text \<open>Shapirovskii's covering lemma. Zorn's lemma is applied to end-extensions that avoid the
  W-neighbourhoods of earlier points; this is what keeps unions of chains discrete.\<close>

lemma discrete_subspace_cover:
  assumes t1: "t1_space X" and Z: "Z \<subseteq> topspace X"
    and W: "\<And>z. z \<in> Z \<Longrightarrow> openin X (W z) \<and> z \<in> W z"
  obtains A where "A \<subseteq> Z" "discrete_subspace X A" "Z \<subseteq> X closure_of A \<union> (\<Union>a\<in>A. W a)"
proof -
  define S where "S = {A. A \<subseteq> Z \<and> discrete_subspace X A}"
  have po: "partial_order_on S (relation_of (extends_avoiding W) S)"
    by (rule partial_order_on_relation_ofI) (unfold extends_avoiding_def; blast)+
  have "\<exists>U\<in>S. \<forall>A\<in>C. extends_avoiding W A U" if C: "C \<in> Chains (relation_of (extends_avoiding W) S)" for C
  proof
    have CS: "C \<subseteq> S"
      using Chains_relation_of[OF C] .
    have chain: "extends_avoiding W A B \<or> extends_avoiding W B A" if "A \<in> C" "B \<in> C" for A B
      using C that unfolding Chains_def relation_of_def by auto
    have "discrete_subspace X (\<Union>C)"
      using discrete_subspace_Union_chain[of C X W] CS W chain unfolding S_def by blast
    then show "\<Union>C \<in> S"
      using CS unfolding S_def by blast
    show "\<forall>A\<in>C. extends_avoiding W A (\<Union>C)"
      using chain unfolding extends_avoiding_def by blast
  qed
  then obtain M where M: "M \<in> S" and max: "\<And>A. A \<in> S \<Longrightarrow> extends_avoiding W M A \<Longrightarrow> A = M"
    using predicate_Zorn[OF po] by metis
  have "z \<in> X closure_of M \<union> (\<Union>a\<in>M. W a)" if z: "z \<in> Z" for z
  proof (rule ccontr)
    assume nz: "z \<notin> X closure_of M \<union> (\<Union>a\<in>M. W a)"
    have "insert z M \<in> S"
      using M z Z nz discrete_subspace_insert[OF t1, of M z] unfolding S_def by blast
    moreover have "extends_avoiding W M (insert z M)"
      using nz unfolding extends_avoiding_def by blast
    ultimately have "insert z M = M"
      by (rule max)
    moreover have "z \<notin> M"
      using nz z Z closure_of_subset_Int[of X M] by blast
    ultimately show False
      by blast
  qed
  then show thesis
    using that[of M] M unfolding S_def by blast
qed
(* Let $n\ge 3$. The prism $C_n\times K_2$ is $(a,d)$-distance antimagic for some integers $a$ and $d\ge0$ if and only if $d=1$.
   Context: The prism $C_n\times K_2$ is the Cartesian product of the cycle $C_n$ and $K_2$: it has vertices $x_1,\dots,x_n,y_1,\dots,y_n$, with $x_1\cdots x_nx_1$ and $y_1\cdots y_ny_1$ cycles and additional edges $x_iy_i$ for $i=1,\dots,n$; it is $3$-regular of order $2n$. For a graph $G=(V,E)$ with $v=|V|$ and a bijection $f:V\to\{1,\dots,v\}$, the vertex-weight of $x$ is $w(x)=\sum_{y\in N(x)}f(y)$ with $N(x)$ the set of neighbours of $x$. For integers $a$ and $d\ge0$, $f$ is an $(a,d)$-distance antimagic labeling if the multiset of vertex-weights equals $\{a,a+d,\dots,a+(v-1)d\}$; $G$ is $(a,d)$-distance antimagic if it admits such a labeling. *)

theory Defs
  imports Main "HOL-Library.Multiset"
begin

definition nbhd :: "'v set \<Rightarrow> ('v \<Rightarrow> 'v \<Rightarrow> bool) \<Rightarrow> 'v \<Rightarrow> 'v set" where
  "nbhd V adj x = {y \<in> V. adj x y}"

definition vertex_weight :: "'v set \<Rightarrow> ('v \<Rightarrow> 'v \<Rightarrow> bool) \<Rightarrow> ('v \<Rightarrow> nat) \<Rightarrow> 'v \<Rightarrow> int" where
  "vertex_weight V adj f x = (\<Sum>y\<in>nbhd V adj x. int (f y))"

definition dist_antimagic_labeling ::
  "'v set \<Rightarrow> ('v \<Rightarrow> 'v \<Rightarrow> bool) \<Rightarrow> int \<Rightarrow> int \<Rightarrow> ('v \<Rightarrow> nat) \<Rightarrow> bool" where
  "dist_antimagic_labeling V adj a d f \<longleftrightarrow>
     bij_betw f V {1..card V} \<and>
     image_mset (vertex_weight V adj f) (mset_set V) =
       mset (map (\<lambda>i. a + int i * d) [0..<card V])"

definition dist_antimagic :: "'v set \<Rightarrow> ('v \<Rightarrow> 'v \<Rightarrow> bool) \<Rightarrow> int \<Rightarrow> int \<Rightarrow> bool" where
  "dist_antimagic V adj a d \<longleftrightarrow> d \<ge> 0 \<and> (\<exists>f. dist_antimagic_labeling V adj a d f)"

text \<open>The prism C_n x K_2: vertex (i, False) is x_(i+1), vertex (i, True) is y_(i+1), for i < n.\<close>
definition prism_V :: "nat \<Rightarrow> (nat \<times> bool) set" where
  "prism_V n = {0..<n} \<times> UNIV"

definition prism_adj :: "nat \<Rightarrow> nat \<times> bool \<Rightarrow> nat \<times> bool \<Rightarrow> bool" where
  "prism_adj n u v \<longleftrightarrow>
     (snd u = snd v \<and> (fst v = (fst u + 1) mod n \<or> fst u = (fst v + 1) mod n)) \<or>
     (fst u = fst v \<and> snd u \<noteq> snd v)"

end

theory Submission
  imports Defs
begin

text \<open>In an \<open>r\<close>-regular graph of order \<open>v\<close> every label is counted \<open>r\<close> times in the total
  weight, so an \<open>(a,d)\<close>-labeling satisfies \<open>r v (v+1) = v (2a + (v-1) d)\<close>. For a cubic graph
  the smallest weight \<open>a\<close> is at least \<open>1+2+3\<close>, which forces \<open>d < 3\<close>; since the order is even,
  \<open>3(v+1)\<close> is odd and so is \<open>d\<close>, hence \<open>d = 1\<close>. Conversely, labelling the outer cycle of the
  prism \<open>1,\<dots>,n\<close> and the inner cycle \<open>n+1, 2n, 2n-1, \<dots>, n+2\<close> yields the weights
  \<open>2n+2, \<dots>, 4n+1\<close>.\<close>

lemma sum_vertex_weight_regular:
  assumes "finite V" and sym: "\<And>x y. adj x y \<Longrightarrow> adj y x"
    and reg: "\<And>x. x \<in> V \<Longrightarrow> card (nbhd V adj x) = r"
  shows "(\<Sum>x\<in>V. vertex_weight V adj f x) = int r * (\<Sum>x\<in>V. int (f x))"
proof -
  have "(\<Sum>x\<in>V. vertex_weight V adj f x) = (\<Sum>y\<in>V. \<Sum>x\<in>{x\<in>V. adj x y}. int (f y))"
    unfolding vertex_weight_def nbhd_def by (rule sum.swap_restrict[OF assms(1,1)])
  also have "\<dots> = (\<Sum>y\<in>V. int (card (nbhd V adj y)) * int (f y))"
    using sym by (intro sum.cong) (auto simp: nbhd_def intro!: arg_cong[where f = card])
  also have "\<dots> = int r * (\<Sum>x\<in>V. int (f x))"
    by (simp add: reg sum_distrib_left)
  finally show ?thesis .
qed

lemma vertex_weight_ge_6_if_card_nbhd_3:
  assumes "card (nbhd V adj x) = 3" and "inj_on f V" and pos: "\<And>y. y \<in> V \<Longrightarrow> f y \<ge> 1"
  shows "6 \<le> vertex_weight V adj f x"
proof -
  obtain p q s where N: "nbhd V adj x = {p, q, s}" and "p \<noteq> q" "q \<noteq> s" "p \<noteq> s"
    using assms(1) card_3_iff by metis
  moreover have "p \<in> V" "q \<in> V" "s \<in> V"
    using N unfolding nbhd_def by auto
  ultimately have "f p \<noteq> f q" "f q \<noteq> f s" "f p \<noteq> f s" and "f p \<ge> 1" "f q \<ge> 1" "f s \<ge> 1"
    using \<open>inj_on f V\<close> pos by (auto dest: inj_onD)
  then show ?thesis
    using \<open>p \<noteq> q\<close> \<open>q \<noteq> s\<close> \<open>p \<noteq> s\<close> by (simp add: vertex_weight_def N)
qed

lemma double_sum_labels:
  assumes "bij_betw f V {1..card V}"
  shows "2 * (\<Sum>x\<in>V. int (f x)) = int (card V) * (int (card V) + 1)"
  using sum.reindex_bij_betw[OF assms, of int] double_gauss_sum_from_Suc_0[of "card V"]
  by simp

lemma double_sum_vertex_weights:
  assumes "dist_antimagic_labeling V adj a d f" and "finite V" and "V \<noteq> {}"
  shows "2 * (\<Sum>x\<in>V. vertex_weight V adj f x) = int (card V) * (2 * a + int (card V - 1) * d)"
proof -
  obtain m where m: "card V = Suc m"
    using assms(2,3) by (cases "card V") auto
  have "(\<Sum>x\<in>V. vertex_weight V adj f x) = sum_mset (image_mset (vertex_weight V adj f) (mset_set V))"
    by (simp add: sum_unfold_sum_mset)
  also have "\<dots> = (\<Sum>i\<in>{0..<card V}. a + int i * d)"
    using assms(1) unfolding dist_antimagic_labeling_def
    by (simp add: sum_mset_sum_list interv_sum_list_conv_sum_set_nat sum_unfold_sum_mset)
  also have "\<dots> = (\<Sum>i = 0..m. a + int i * d)"
    by (simp add: m atLeastLessThanSuc_atLeastAtMost)
  finally show ?thesis
    using double_arith_series[of a d m] m by (simp add: algebra_simps)
qed

lemma dist_antimagic_labeling_first_weight:
  assumes "dist_antimagic_labeling V adj a d f" and "finite V" and "V \<noteq> {}"
  obtains x where "x \<in> V" and "vertex_weight V adj f x = a"
proof -
  have "0 < card V"
    using assms(2,3) by (simp add: card_gt_0_iff)
  then have "a \<in># image_mset (vertex_weight V adj f) (mset_set V)"
    using assms(1) unfolding dist_antimagic_labeling_def by (force simp: upt_conv_Cons)
  then show thesis
    using that assms(2) by auto
qed

lemma cubic_dist_antimagic_labeling_imp_d_eq_1:
  assumes "finite V" and "V \<noteq> {}" and "even (card V)"
    and sym: "\<And>x y. adj x y \<Longrightarrow> adj y x"
    and cubic: "\<And>x. x \<in> V \<Longrightarrow> card (nbhd V adj x) = 3"
    and lab: "dist_antimagic_labeling V adj a d f" and "d \<ge> 0"
  shows "d = 1"
proof -
  define v where "v = int (card V)"
  have bij: "bij_betw f V {1..card V}"
    using lab unfolding dist_antimagic_labeling_def by blast
  have "card V \<noteq> 0"
    using assms(1,2) by simp
  then have v2: "v \<ge> 2"
    using \<open>even (card V)\<close> unfolding v_def by presburger
  have "v * (3 * (v + 1)) = v * (2 * a + (v - 1) * d)"
    using double_sum_vertex_weights[OF lab assms(1,2)] double_sum_labels[OF bij]
      sum_vertex_weight_regular[OF assms(1) sym cubic, of f] v2
    unfolding v_def by (simp add: of_nat_diff algebra_simps)
  then have balance: "3 * (v + 1) = 2 * a + (v - 1) * d"
    using v2 by simp
  obtain x where "x \<in> V" and "vertex_weight V adj f x = a"
    using dist_antimagic_labeling_first_weight[OF lab assms(1,2)] .
  moreover have "inj_on f V" "\<And>y. y \<in> V \<Longrightarrow> f y \<ge> 1"
    using bij by (auto simp: bij_betw_def dest: bij_betwE)
  ultimately have "a \<ge> 6"
    using vertex_weight_ge_6_if_card_nbhd_3 cubic by metis
  then have "(v - 1) * d < (v - 1) * 3"
    using balance by (simp add: algebra_simps)
  then have "d < 3"
    using v2 by (metis diff_ge_0_iff_ge dual_order.trans mult_left_less_imp_less one_le_numeral)
  moreover have "odd d"
  proof
    assume "even d"
    then obtain e where "d = 2 * e" ..
    moreover obtain k where "v = 2 * k"
      using \<open>even (card V)\<close> unfolding v_def by (metis evenE of_nat_mult of_nat_numeral)
    ultimately have "2 * (3 * k + 1) + 1 = 2 * (a + (2 * k - 1) * e)"
      using balance by (simp add: algebra_simps)
    then show False
      by presburger
  qed
  ultimately show ?thesis
    using \<open>d \<ge> 0\<close> by presburger
qed

lemma image_mset_mset_set_eq_map_upt:
  assumes "finite V" and "inj_on g {0..<card V}" and "g ` {0..<card V} \<subseteq> w ` V"
  shows "image_mset w (mset_set V) = mset (map g [0..<card V])"
proof -
  have "card (g ` {0..<card V}) = card V"
    using assms(2) by (simp add: card_image)
  then have img: "w ` V = g ` {0..<card V}" and "card (w ` V) = card V"
    using card_seteq[OF finite_imageI[OF assms(1)] assms(3)] card_image_le[OF assms(1), of w] by auto
  then have "inj_on w V"
    using assms(1) by (simp add: eq_card_imp_inj_on)
  then have "image_mset w (mset_set V) = mset_set (g ` {0..<card V})"
    by (simp add: image_mset_mset_set img)
  also have "\<dots> = mset (map g [0..<card V])"
    using assms(2) by (simp add: image_mset_mset_set[symmetric] mset_map)
  finally show ?thesis .
qed

definition cyc_succ :: "nat \<Rightarrow> nat \<Rightarrow> nat" where
  "cyc_succ n i = (if Suc i = n then 0 else Suc i)"

definition cyc_pred :: "nat \<Rightarrow> nat \<Rightarrow> nat" where
  "cyc_pred n i = (if i = 0 then n - 1 else i - 1)"

lemma finite_prism_V: "finite (prism_V n)"
  by (simp add: prism_V_def)

lemma card_prism_V: "card (prism_V n) = 2 * n"
  by (simp add: prism_V_def card_cartesian_product)

lemma mem_prism_V [simp]: "(i, b) \<in> prism_V n \<longleftrightarrow> i < n"
  by (simp add: prism_V_def)

lemma prism_adj_sym: "prism_adj n u v \<Longrightarrow> prism_adj n v u"
  by (auto simp: prism_adj_def)

lemma prism_adj_iff:
  assumes "i < n" and "j < n"
  shows "prism_adj n (i, b) (j, c) \<longleftrightarrow>
    c = b \<and> (j = cyc_pred n i \<or> j = cyc_succ n i) \<or> j = i \<and> c = (\<not> b)"
proof -
  have "(i + 1) mod n = cyc_succ n i" and "(j + 1) mod n = cyc_succ n j"
    using assms by (auto simp: cyc_succ_def)
  then show ?thesis
    using assms by (auto simp: prism_adj_def cyc_succ_def cyc_pred_def)
qed

lemma prism_nbhd:
  assumes "i < n"
  shows "nbhd (prism_V n) (prism_adj n) (i, b) = {(cyc_pred n i, b), (cyc_succ n i, b), (i, \<not> b)}"
  using assms by (auto simp: nbhd_def prism_V_def prism_adj_iff cyc_succ_def cyc_pred_def)

lemma card_prism_nbhd:
  assumes "n \<ge> 3" and "v \<in> prism_V n"
  shows "card (nbhd (prism_V n) (prism_adj n) v) = 3"
  using assms by (cases v) (auto simp: prism_nbhd cyc_succ_def cyc_pred_def)

lemma prism_vertex_weight:
  assumes "n \<ge> 3" and "i < n"
  shows "vertex_weight (prism_V n) (prism_adj n) f (i, b) =
    int (f (cyc_pred n i, b)) + int (f (cyc_succ n i, b)) + int (f (i, \<not> b))"
  using assms by (auto simp: vertex_weight_def prism_nbhd cyc_succ_def cyc_pred_def)

lemma prism_dist_antimagic_labeling_imp_d_eq_1:
  assumes "n \<ge> 3" and "d \<ge> 0" and "dist_antimagic_labeling (prism_V n) (prism_adj n) a d f"
  shows "d = 1"
proof (rule cubic_dist_antimagic_labeling_imp_d_eq_1)
  show "prism_V n \<noteq> {}"
    using assms(1) by (auto simp: prism_V_def)
qed (use assms in \<open>auto simp: finite_prism_V card_prism_V prism_adj_sym card_prism_nbhd\<close>)

definition prism_label :: "nat \<Rightarrow> nat \<times> bool \<Rightarrow> nat" where
  "prism_label n = (\<lambda>(i, b). if \<not> b then i + 1 else if i = 0 then n + 1 else 2 * n + 1 - i)"

lemma bij_betw_prism_label: "bij_betw (prism_label n) (prism_V n) {1..2 * n}"
proof -
  have inj: "inj_on (prism_label n) (prism_V n)"
    by (auto simp: inj_on_def prism_V_def prism_label_def split: if_splits)
  moreover have "prism_label n ` prism_V n \<subseteq> {1..2 * n}"
    by (auto simp: prism_V_def prism_label_def)
  moreover have "card (prism_label n ` prism_V n) = card {1..2 * n}"
    using inj by (simp add: card_image card_prism_V)
  ultimately show ?thesis
    by (simp add: bij_betw_def card_seteq)
qed

lemma prism_label_weight_outer:
  assumes "n \<ge> 3" and "i < n"
  shows "vertex_weight (prism_V n) (prism_adj n) (prism_label n) (i, False) =
    (if i = 0 then 2 * int n + 3 else if i = n - 1 then 2 * int n + 2 else 2 * int n + 3 + int i)"
  using assms by (auto simp: prism_vertex_weight prism_label_def cyc_succ_def cyc_pred_def of_nat_diff)

lemma prism_label_weight_inner:
  assumes "n \<ge> 3" and "i < n"
  shows "vertex_weight (prism_V n) (prism_adj n) (prism_label n) (i, True) =
    (if i = 0 then 3 * int n + 3 else if i = 1 then 3 * int n + 2
     else if i = n - 1 then 3 * int n + 4 else 4 * int n + 3 - int i)"
  using assms by (auto simp: prism_vertex_weight prism_label_def cyc_succ_def cyc_pred_def of_nat_diff)

lemma prism_label_weights_cover:
  assumes "n \<ge> 3" and "k < 2 * n"
  shows "2 * int n + 2 + int k \<in> vertex_weight (prism_V n) (prism_adj n) (prism_label n) ` prism_V n"
proof -
  consider "k = 0" | "k = 1" | "2 \<le> k" "k < n" | "k = n" | "k = n + 1" | "k = n + 2" | "n + 3 \<le> k"
    by linarith
  then show ?thesis
  proof cases
    case 1
    then show ?thesis
      using assms by (intro rev_image_eqI[of "(n - 1, False)"]) (simp_all add: prism_label_weight_outer)
  next
    case 2
    then show ?thesis
      using assms by (intro rev_image_eqI[of "(0, False)"]) (simp_all add: prism_label_weight_outer)
  next
    case 3
    then show ?thesis
      using assms by (intro rev_image_eqI[of "(k - 1, False)"]) (simp_all add: prism_label_weight_outer of_nat_diff)
  next
    case 4
    then show ?thesis
      using assms by (intro rev_image_eqI[of "(1, True)"]) (simp_all add: prism_label_weight_inner)
  next
    case 5
    then show ?thesis
      using assms by (intro rev_image_eqI[of "(0, True)"]) (simp_all add: prism_label_weight_inner)
  next
    case 6
    then show ?thesis
      using assms by (intro rev_image_eqI[of "(n - 1, True)"]) (simp_all add: prism_label_weight_inner)
  next
    case 7
    then show ?thesis
      using assms by (intro rev_image_eqI[of "(2 * n + 1 - k, True)"])
        (auto simp: prism_label_weight_inner of_nat_diff)
  qed
qed

lemma prism_label_dist_antimagic_labeling:
  assumes "n \<ge> 3"
  shows "dist_antimagic_labeling (prism_V n) (prism_adj n) (2 * int n + 2) 1 (prism_label n)"
proof -
  have "image_mset (vertex_weight (prism_V n) (prism_adj n) (prism_label n)) (mset_set (prism_V n)) =
    mset (map (\<lambda>k. 2 * int n + 2 + int k * 1) [0..<card (prism_V n)])"
    using assms by (intro image_mset_mset_set_eq_map_upt)
      (auto simp: finite_prism_V card_prism_V inj_on_def prism_label_weights_cover)
  then show ?thesis
    unfolding dist_antimagic_labeling_def using bij_betw_prism_label card_prism_V by simp
qed

theorem mainTheorem9:
  fixes n :: nat and d :: int
  assumes "n \<ge> 3" and "d \<ge> 0"
  shows "(\<exists>a. dist_antimagic (prism_V n) (prism_adj n) a d) \<longleftrightarrow> d = 1"
proof
  assume "\<exists>a. dist_antimagic (prism_V n) (prism_adj n) a d"
  then obtain a f where "dist_antimagic_labeling (prism_V n) (prism_adj n) a d f"
    unfolding dist_antimagic_def by blast
  with assms show "d = 1"
    by (rule prism_dist_antimagic_labeling_imp_d_eq_1)
next
  assume "d = 1"
  then show "\<exists>a. dist_antimagic (prism_V n) (prism_adj n) a d"
    unfolding dist_antimagic_def using prism_label_dist_antimagic_labeling[OF assms(1)] by auto
qed

end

◇ ◇ ◇

◆ GOAL OF THE EXERCISE
Among the lines of the data, identify those with the word "times". Copy each of them.

◆ WRITTEN RESPONSE
(* Let $n\ge 3$. The prism $C_n\times K_2$ is $(a,d)$-distance antimagic for some integers $a$ and $d\ge0$ if and only if $d=1$.
   Context: The prism $C_n\times K_2$ is the Cartesian product of the cycle $C_n$ and $K_2$: it has vertices $x_1,\dots,x_n,y_1,\dots,y_n$, with $x_1\cdots x_nx_1$ and $y_1\cdots y_ny_1$ cycles and additional edges $x_iy_i$ for $i=1,\dots,n$; it is $3$-regular of order $2n$. For a graph $G=(V,E)$ with $v=|V|$ and a bijection $f:V\to\{1,\dots,v\}$, the vertex-weight of $x$ is $w(x)=\sum_{y\in N(x)}f(y)$ with $N(x)$ the set of neighbours of $x$. For integers $a$ and $d\ge0$, $f$ is an $(a,d)$-distance antimagic labeling if the multiset of vertex-weights equals $\{a,a+d,\dots,a+(v-1)d\}$; $G$ is $(a,d)$-distance antimagic if it admits such a labeling. *)
definition prism_V :: "nat \<Rightarrow> (nat \<times> bool) set" where
  "prism_V n = {0..<n} \<times> UNIV"
definition prism_adj :: "nat \<Rightarrow> nat \<times> bool \<Rightarrow> nat \<times> bool \<Rightarrow> bool" where
text \<open>In an \<open>r\<close>-regular graph of order \<open>v\<close> every label is counted \<open>r\<close> times in the total
definition prism_label :: "nat \<Rightarrow> nat \<times> bool \<Rightarrow> nat" where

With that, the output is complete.